**The problem**
Taking the line that contains "(SUP y \<in>" as the starting point, give again exactly every line up to and including the last line of the records below.

•••••

(* Let $(\Omega,\rho)$ be a metric space, $\beta\in(0,1]$, $\emptyset\ne A\subset\Omega$ and $f:\Omega\to[0,1]$ such that $\sup_{u\ne v\in A}\frac{|f(u)-f(v)|}{\rho(u,v)^\beta}<\infty$ and $\mathrm{diam}(A)<\infty$. Then the $\beta$-PMSE $F_A$ of $f$ from $A$ is well defined, takes values in $[0,1]$, and satisfies $\Lambda^\beta_{F_A}(x)\le\Lambda^\beta_f(x)$ for every $x\in\Omega$.
   Context: $\Lambda_g^\beta(x):=\sup_{y\in\Omega\setminus\{x\}}\frac{|g(x)-g(y)|}{\rho(x,y)^\beta}$. For $x\in\Omega$ and $u,v\in A$ (excluding the case $u=v=x$), set $R_x(u,v):=\frac{f(v)-f(u)}{\rho(x,v)^\beta+\rho(x,u)^\beta}$, $F_x(u,v):=f(u)+R_x(u,v)\rho(x,u)^\beta$, $R^*_x:=\sup_{u,v\in A}R_x(u,v)$, and for $0<\epsilon<R_x^*$, $W_x(\epsilon):=\{(u,v)\in A\times A: R_x(u,v)>R_x^*-\epsilon\}$, $\Phi_x(\epsilon):=\{F_x(u,v):(u,v)\in W_x(\epsilon)\}$. The $\beta$-pointwise minimal slope extension ($\beta$-PMSE) is $F_A(x):=\lim_{\epsilon\to0^+}\Phi_x(\epsilon)$, meaning the unique real number $r$ with $\sup_{\phi\in\Phi_x(\epsilon)}|\phi-r|\to0$ as $\epsilon\to0^+$ ("well defined" means this limit exists). In the degenerate case where $f$ is constant on $A$, $F_A$ is defined to be that constant. *)

theory Defs
  imports "HOL-Analysis.Analysis"
begin

definition hslope :: "real \<Rightarrow> ('a::metric_space \<Rightarrow> real) \<Rightarrow> 'a \<Rightarrow> ereal" where
  "hslope \<beta> g x = (SUP y \<in> UNIV - {x}. ereal (\<bar>g x - g y\<bar> / dist x y powr \<beta>))"

definition adm_pairs :: "'a set \<Rightarrow> 'a \<Rightarrow> ('a \<times> 'a) set" where
  "adm_pairs A x = {(u, v). u \<in> A \<and> v \<in> A \<and> \<not> (u = x \<and> v = x)}"

definition Rx :: "real \<Rightarrow> ('a::metric_space \<Rightarrow> real) \<Rightarrow> 'a \<Rightarrow> 'a \<Rightarrow> 'a \<Rightarrow> real" where
  "Rx \<beta> f x u v = (f v - f u) / (dist x v powr \<beta> + dist x u powr \<beta>)"

definition Fx :: "real \<Rightarrow> ('a::metric_space \<Rightarrow> real) \<Rightarrow> 'a \<Rightarrow> 'a \<Rightarrow> 'a \<Rightarrow> real" where
  "Fx \<beta> f x u v = f u + Rx \<beta> f x u v * dist x u powr \<beta>"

•••••

**Output of the task**
  "hslope \<beta> g x = (SUP y \<in> UNIV - {x}. ereal (\<bar>g x - g y\<bar> / dist x y powr \<beta>))"

definition adm_pairs :: "'a set \<Rightarrow> 'a \<Rightarrow> ('a \<times> 'a) set" where
  "adm_pairs A x = {(u, v). u \<in> A \<and> v \<in> A \<and> \<not> (u = x \<and> v = x)}"

definition Rx :: "real \<Rightarrow> ('a::metric_space \<Rightarrow> real) \<Rightarrow> 'a \<Rightarrow> 'a \<Rightarrow> 'a \<Rightarrow> real" where
  "Rx \<beta> f x u v = (f v - f u) / (dist x v powr \<beta> + dist x u powr \<beta>)"

definition Fx :: "real \<Rightarrow> ('a::metric_space \<Rightarrow> real) \<Rightarrow> 'a \<Rightarrow> 'a \<Rightarrow> 'a \<Rightarrow> real" where
  "Fx \<beta> f x u v = f u + Rx \<beta> f x u v * dist x u powr \<beta>"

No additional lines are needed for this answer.